* Description of the task
Copy out, from the entries below, each line holding the string "mathfrak".

[Saved entries]
"""
(* The abelian category $\mathcal R$ of rational $\mathfrak{sl}(2)$-modules decomposes as the $\mathrm{Hom}$-orthogonal direct sum of the abelian subcategories of generalized rational Casimir modules: $$\mathcal R=\bigoplus_{\mu\in\mathbb{C}}\mathcal{RC}^\bullet_\mu .$$ That is, every rational module $W$ is a finite direct sum, as $\mathfrak{sl}(2)$-modules, $W=W_{\mu_1}\oplus\cdots\oplus W_{\mu_r}$ with pairwise distinct $\mu_i\in\mathbb{C}$ and $W_{\mu_i}\in\mathcal{RC}^\bullet_{\mu_i}$, and $\mathrm{Hom}_{\mathfrak{sl}(2)}(A,B)=0$ whenever $A\in\mathcal{RC}^\bullet_\mu$, $B\in\mathcal{RC}^\bullet_\nu$ with $\mu\neq\nu$. This decomposition is compatible with the coproduct decomposition $\mathcal{RC}=\coprod_{\mu\in\mathbb{C}}\mathcal{RC}_\mu$ (i.e. $\mathcal{RC}_\mu\subseteq\mathcal{RC}^\bullet_\mu$ for each $\mu$).
   Context: $\mathfrak{sl}(2)$ has basis $L_{-1}=f$, $L_0=-\tfrac12 h$, $L_1=-e$ for a Chevalley basis $e,f,h$ ($[e,f]=h$, $[h,e]=2e$, $[h,f]=-2f$). Every $\mathfrak{sl}(2)$-module $(V,\rho)$ is a $\mathbb{C}[z]$-module via $z\cdot v=\rho(L_0)v$, and has Casimir operator $C_\rho=\rho(L_0)(\rho(L_0)-1)-\rho(L_{-1})\rho(L_1)$. A rational module is an $\mathfrak{sl}(2)$-module whose $\mathbb{C}[z]$-module structure is that of a finite-dimensional $\mathbb{C}(z)$-vector space; $\mathcal R$ is the full subcategory of $\mathfrak{sl}(2)$-modules formed by rational modules. A module is Casimir of level $\mu$ if $C_\rho=\mu\,\mathrm{Id}$, and generalized Casimir of level $\mu$ if $(C_\rho-\mu)^n=0$ for some $n\ge1$. $\mathcal{RC}_\mu$ (resp. $\mathcal{RC}^\bullet_\mu$) is the full subcategory of $\mathcal R$ of Casimir (resp. generalized Casimir) rational modules of level $\mu$, and $\mathcal{RC}$ is the full subcategory of all rational Casimir modules (of any level). *)

theory Defs
  imports Main "HOL-Computational_Algebra.Polynomial"
begin

text \<open>An sl(2)-module is given by a complex vector space (the ambient type 'v with a
  scalar multiplication s), a carrier subspace V, and the three operators
  Lm = rho(L_{-1}), Lz = rho(L_0), Lp = rho(L_1), which are linear on V, preserve V,
  and satisfy the Witt relations [L_m, L_n] = (m - n) L_{m+n}, i.e.
  [L_0,L_{-1}] = L_{-1}, [L_1,L_{-1}] = 2 L_0, [L_0,L_1] = - L_1
  (equivalent to the Chevalley relations via L_{-1}=f, L_0=-h/2, L_1=-e).\<close>

definition op_on :: "(complex \<Rightarrow> 'v::ab_group_add \<Rightarrow> 'v) \<Rightarrow> 'v set \<Rightarrow> ('v \<Rightarrow> 'v) \<Rightarrow> bool" where
  "op_on s V T \<longleftrightarrow> (\<forall>x\<in>V. T x \<in> V) \<and> (\<forall>x\<in>V. \<forall>y\<in>V. T (x + y) = T x + T y)
     \<and> (\<forall>c. \<forall>x\<in>V. T (s c x) = s c (T x))"

definition sl2_module ::
  "(complex \<Rightarrow> 'v::ab_group_add \<Rightarrow> 'v) \<Rightarrow> 'v set \<Rightarrow> ('v \<Rightarrow> 'v) \<Rightarrow> ('v \<Rightarrow> 'v) \<Rightarrow> ('v \<Rightarrow> 'v) \<Rightarrow> bool" where
  "sl2_module s V Lm Lz Lp \<longleftrightarrow>
     Vector_Spaces.vector_space s \<and> module.subspace s V \<and>
     op_on s V Lm \<and> op_on s V Lz \<and> op_on s V Lp \<and>
     (\<forall>v\<in>V. Lz (Lm v) - Lm (Lz v) = Lm v) \<and>
     (\<forall>v\<in>V. Lp (Lm v) - Lm (Lp v) = s 2 (Lz v)) \<and>
     (\<forall>v\<in>V. Lz (Lp v) - Lp (Lz v) = - Lp v)"

definition poly_op :: "(complex \<Rightarrow> 'v::ab_group_add \<Rightarrow> 'v) \<Rightarrow> ('v \<Rightarrow> 'v) \<Rightarrow> complex poly \<Rightarrow> 'v \<Rightarrow> 'v" where
  "poly_op s Lz p v = (\<Sum>i\<le>degree p. s (coeff p i) ((Lz ^^ i) v))"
"""
* Response to the task
(* The abelian category $\mathcal R$ of rational $\mathfrak{sl}(2)$-modules decomposes as the $\mathrm{Hom}$-orthogonal direct sum of the abelian subcategories of generalized rational Casimir modules: $$\mathcal R=\bigoplus_{\mu\in\mathbb{C}}\mathcal{RC}^\bullet_\mu .$$ That is, every rational module $W$ is a finite direct sum, as $\mathfrak{sl}(2)$-modules, $W=W_{\mu_1}\oplus\cdots\oplus W_{\mu_r}$ with pairwise distinct $\mu_i\in\mathbb{C}$ and $W_{\mu_i}\in\mathcal{RC}^\bullet_{\mu_i}$, and $\mathrm{Hom}_{\mathfrak{sl}(2)}(A,B)=0$ whenever $A\in\mathcal{RC}^\bullet_\mu$, $B\in\mathcal{RC}^\bullet_\nu$ with $\mu\neq\nu$. This decomposition is compatible with the coproduct decomposition $\mathcal{RC}=\coprod_{\mu\in\mathbb{C}}\mathcal{RC}_\mu$ (i.e. $\mathcal{RC}_\mu\subseteq\mathcal{RC}^\bullet_\mu$ for each $\mu$).
   Context: $\mathfrak{sl}(2)$ has basis $L_{-1}=f$, $L_0=-\tfrac12 h$, $L_1=-e$ for a Chevalley basis $e,f,h$ ($[e,f]=h$, $[h,e]=2e$, $[h,f]=-2f$). Every $\mathfrak{sl}(2)$-module $(V,\rho)$ is a $\mathbb{C}[z]$-module via $z\cdot v=\rho(L_0)v$, and has Casimir operator $C_\rho=\rho(L_0)(\rho(L_0)-1)-\rho(L_{-1})\rho(L_1)$. A rational module is an $\mathfrak{sl}(2)$-module whose $\mathbb{C}[z]$-module structure is that of a finite-dimensional $\mathbb{C}(z)$-vector space; $\mathcal R$ is the full subcategory of $\mathfrak{sl}(2)$-modules formed by rational modules. A module is Casimir of level $\mu$ if $C_\rho=\mu\,\mathrm{Id}$, and generalized Casimir of level $\mu$ if $(C_\rho-\mu)^n=0$ for some $n\ge1$. $\mathcal{RC}_\mu$ (resp. $\mathcal{RC}^\bullet_\mu$) is the full subcategory of $\mathcal R$ of Casimir (resp. generalized Casimir) rational modules of level $\mu$, and $\mathcal{RC}$ is the full subcategory of all rational Casimir modules (of any level). *)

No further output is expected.